Si le juge ordonne la prolongation de la rétention, celle-ci court à compter de l'expiration de la dernière période de rétention pour une nouvelle période d'une durée maximale de quinze jours.
Si l'une des circonstances mentionnées aux 1°, 2° ou 3° survient au cours de la prolongation exceptionnelle ordonnée en application du huitième alinéa, elle peut être renouvelée une fois, dans les mêmes conditions. La durée maximale de la rétention n'excède alors pas quatre-vingt-dix jours.
M. [N] a été incarcéré le 10 mars 2022, il a été condamné par jugement du 15 décembre 2020 rendu par le tribunal pour enfants de Quimper, il a été placé en rétention à sa sortie de détention le 10 août 2022. Il a fait l'objet le 12 juillet 2022 d'un arrêté préfectoral de la préfecture de [Localité 2] portant obligation de quitter sans délai le territoire français assortie d'une interdiction de retour d'une durée de trois ans. Il a fait une demande d'asile en rétention, le 23 août 2022, l'office français de protection des réfugiés et des apatrides a rejeté sa demande d'asile.
Dans son rapport social du 11 juillet 2022 et dans son audition du 13 juin 2022, M. [N] a déclaré n'avoir aucune famille en France et être sans domicile fixe, il a indiqué qu'un ami anciennement détenu accepterait de l'héberger ce qu'il a répété à l'audience mais aucune attestation d'hébergement n'a été fournie, sa fiche pénale mentionne également qu'il est sans domicile fixe. N'ayant ni passeport, ni résidence effective et stable, M. [N] ne peut être assigné à résidence.
Les autorités consulaires guinéennes et l'unité centrale d'identification ont été saisies le 19 juillet 2022, avant la sortie de détention, pour obtenir un laissez-passer, après plusieurs annulations et des relances notamment après le rejet de la demande d'asile, l'audition consulaire a eu lieu le 28 septembre 2022. Le 06 octobre 2022, l'UCl a informé la préfecture que M. [N] avait été reconnu par les autorités guinéennes, le laissez-passer devant être transmis dans les plus brefs délais. Une réservation de vol à destination de la Guinée a été prise le même jour, 06 octobre, afin de procéder dès que possible à l'éloignement de l'intéressé.

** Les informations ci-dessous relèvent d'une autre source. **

(* Let $G$ be a $2$-connected cubic graph with a $2$-cut $C$, let $G_1,G_2$ be its marked $C$-components, and let $v\in V(G_1)$. Then $v$ is $\lambda$-matchable in $G$ if and only if $v$ is $\lambda$-matchable in $G_1$. Consequently, $\lambda(G)=\lambda(G_1)+\lambda(G_2)$.
   Context: Graphs are loopless but may have parallel edges. For a $2$-cut $C$ of a $2$-connected cubic graph $G$, $G-C$ has two components; adding to each an edge joining its two vertices of degree two gives the marked $C$-components. For a vertex $v$ of a cubic graph, a $v$-matching is a spanning subgraph in which $v$ has degree $3$ and every other vertex degree $1$; $v$ is $\lambda$-matchable if one exists; $\lambda$ counts such vertices. *)

theory Defs
  imports Main
begin

text \<open>A (loopless, possibly with parallel edges) multigraph is given by a vertex set V,
an edge set E and an endpoint map ends; each edge has exactly two distinct endpoints.\<close>

definition multigraph :: "'v set \<Rightarrow> 'e set \<Rightarrow> ('e \<Rightarrow> 'v set) \<Rightarrow> bool" where
  "multigraph V E ends \<longleftrightarrow> finite V \<and> finite E \<and> (\<forall>e\<in>E. ends e \<subseteq> V \<and> card (ends e) = 2)"

definition degree :: "'e set \<Rightarrow> ('e \<Rightarrow> 'v set) \<Rightarrow> 'v \<Rightarrow> nat" where
  "degree E ends v = card {e\<in>E. v \<in> ends e}"

definition cubic :: "'v set \<Rightarrow> 'e set \<Rightarrow> ('e \<Rightarrow> 'v set) \<Rightarrow> bool" where
  "cubic V E ends \<longleftrightarrow> multigraph V E ends \<and> (\<forall>v\<in>V. degree E ends v = 3)"

definition adj_rel :: "'e set \<Rightarrow> ('e \<Rightarrow> 'v set) \<Rightarrow> ('v \<times> 'v) set" where
  "adj_rel E ends = {(u, w). \<exists>e\<in>E. ends e = {u, w}}"

definition connected_graph :: "'v set \<Rightarrow> 'e set \<Rightarrow> ('e \<Rightarrow> 'v set) \<Rightarrow> bool" where
  "connected_graph V E ends \<longleftrightarrow> (\<forall>u\<in>V. \<forall>w\<in>V. (u, w) \<in> (adj_rel E ends)\<^sup>*)"

definition two_connected :: "'v set \<Rightarrow> 'e set \<Rightarrow> ('e \<Rightarrow> 'v set) \<Rightarrow> bool" where
  "two_connected V E ends \<longleftrightarrow> multigraph V E ends \<and> card V > 2 \<and> connected_graph V E ends \<and>
     (\<forall>x\<in>V. connected_graph (V - {x}) {e\<in>E. x \<notin> ends e} ends)"

definition comp_of :: "'v set \<Rightarrow> 'e set \<Rightarrow> ('e \<Rightarrow> 'v set) \<Rightarrow> 'v \<Rightarrow> 'v set" where
  "comp_of V E ends v = {w\<in>V. (v, w) \<in> (adj_rel E ends)\<^sup>*}"

definition components :: "'v set \<Rightarrow> 'e set \<Rightarrow> ('e \<Rightarrow> 'v set) \<Rightarrow> 'v set set" where
  "components V E ends = comp_of V E ends ` V"

definition two_cut :: "'v set \<Rightarrow> 'e set \<Rightarrow> ('e \<Rightarrow> 'v set) \<Rightarrow> 'e set \<Rightarrow> bool" where
  "two_cut V E ends C \<longleftrightarrow> C \<subseteq> E \<and> card C = 2 \<and> card (components V (E - C) ends) = 2"

text \<open>Marked C-component on the vertex set V1 (a component of G - C): the edges of G - C
inside V1 (tagged Some) plus one new edge None joining the two vertices of degree two.\<close>
definition marked_edges :: "'e set \<Rightarrow> ('e \<Rightarrow> 'v set) \<Rightarrow> 'e set \<Rightarrow> 'v set \<Rightarrow> 'e option set" where
  "marked_edges E ends C V1 = Some ` {e\<in>E - C. ends e \<subseteq> V1} \<union> {None}"

definition marked_ends :: "'e set \<Rightarrow> ('e \<Rightarrow> 'v set) \<Rightarrow> 'e set \<Rightarrow> 'v set \<Rightarrow> 'e option \<Rightarrow> 'v set" where
  "marked_ends E ends C V1 x =
     (case x of None \<Rightarrow> {u\<in>V1. degree (E - C) ends u = 2} | Some e \<Rightarrow> ends e)"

Le consulat saisi ayant reconnu M. [N] et donné son accord de principe sur la délivrance rapide d'un laisser-passer consulaire, la mesure d'éloignement pourra aboutir à bref délai, il en résulte que la rétention doit faire l'objet d'une nouvelle prolongation et que la décision du premier juge sera confirmée.
PAR CES MOTIFS :
Statuant publiquement, par ordonnance réputée contradictoire et en dernier ressort,
Déclare recevable l'appel interjeté par M. [P] [N] à l'encontre de l'ordonnance rendue le 07 octobre 2022 par le juge des libertés et de la détention de Rouen, prolongeant la mesure de rétention administrative le concernant pour une durée supplémentaire de trente jours ;
Confirme la décision entreprise en toutes ses dispositions.
Fait à Rouen, le 10 octobre 2022 à 11 heures 15.

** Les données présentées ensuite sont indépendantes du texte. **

(* Let $f:\mathbb{R}^n\to\mathbb{R}$ be convex and $L$-smooth (i.e. $\nabla f$ is $L$-Lipschitz with respect to $\|\cdot\|_2$), and suppose $f$ attains its global minimum value $f^*$ at some point of $\mathbb{R}^n_+$; let $z\in\mathbb{R}^n_+$ be any such minimizer. Let $x_0\in\mathbb{R}^n_{++}$ and define $$\alpha_k=\min\left\{\frac{f(x_k)-f^*}{2\|\nabla f(x_k)\|^2_{x_k}},\ \frac{1.79}{\|\nabla f(x_k)\|_\infty}\right\}$$ and either $x_{k+1}=x_k\circ\exp(-\alpha_k\nabla f(x_k))$ (entropic mirror descent) or $x_{k+1}=x_k\circ(\mathbf{1}-\alpha_k\nabla f(x_k)+\alpha_k^2\nabla f(x_k)^2)$ (Hadamard descent+), with the sequence kept constant once $\nabla f(x_k)=0$. Then in both cases $(x_k)$ is bounded, $\alpha_k\ge \big(8L(D_h(z,x_0)+\|z\|_1)\big)^{-1}$, and for all $k\ge0$ $$\min_{0\le i\le k} f(x_i)-f^*\le\frac{16L\,D_h(z,x_0)\,\big(D_h(z,x_0)+\|z\|_1\big)}{k+1};$$ moreover $(x_k)$ converges to a minimizer of $f$ lying in $\mathbb{R}^n_+$.
   Context: $\mathbb{R}^n_+$, $\mathbb{R}^n_{++}$ are the nonnegative and strictly positive orthants; $\circ$, $\exp$ and squares act componentwise; $\mathbf{1}$ the all-ones vector; $\|v\|_x^2=\sum_i x_iv_i^2$. $h(x)=\sum_i x_i(\log x_i-1)$ (with $0\log0=0$) and $D_h(x,y)=\sum_i\big(x_i\log\frac{x_i}{y_i}-x_i+y_i\big)$ for $x\in\mathbb{R}^n_+$, $y\in\mathbb{R}^n_{++}$. *)

theory Defs
  imports "HOL-Analysis.Analysis"
begin

definition wnorm2 :: "real^'n \<Rightarrow> real^'n \<Rightarrow> real" where
  "wnorm2 x v = (\<Sum>i\<in>UNIV. x$i * (v$i)^2)"

definition norm1 :: "real^'n \<Rightarrow> real" where
  "norm1 v = (\<Sum>i\<in>UNIV. \<bar>v$i\<bar>)"

text \<open>Bregman divergence of h(x) = sum x_i (log x_i - 1), with 0 log 0 = 0.\<close>
definition Dh :: "real^'n \<Rightarrow> real^'n \<Rightarrow> real" where
  "Dh x y = (\<Sum>i\<in>UNIV. (if x$i = 0 then 0 else x$i * ln (x$i / y$i)) - x$i + y$i)"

LE GREFFIER, LE CONSEILLER,
NOTIFICATION
La présente ordonnance est immédiatement notifiée contre récépissé à toutes les parties qui en reçoivent une expédition et sont informées de leur droit de former un pourvoi en cassation dans les deux mois de la présente notification et dans les conditions fixées par les articles 973 et suivants du code de procédure civile.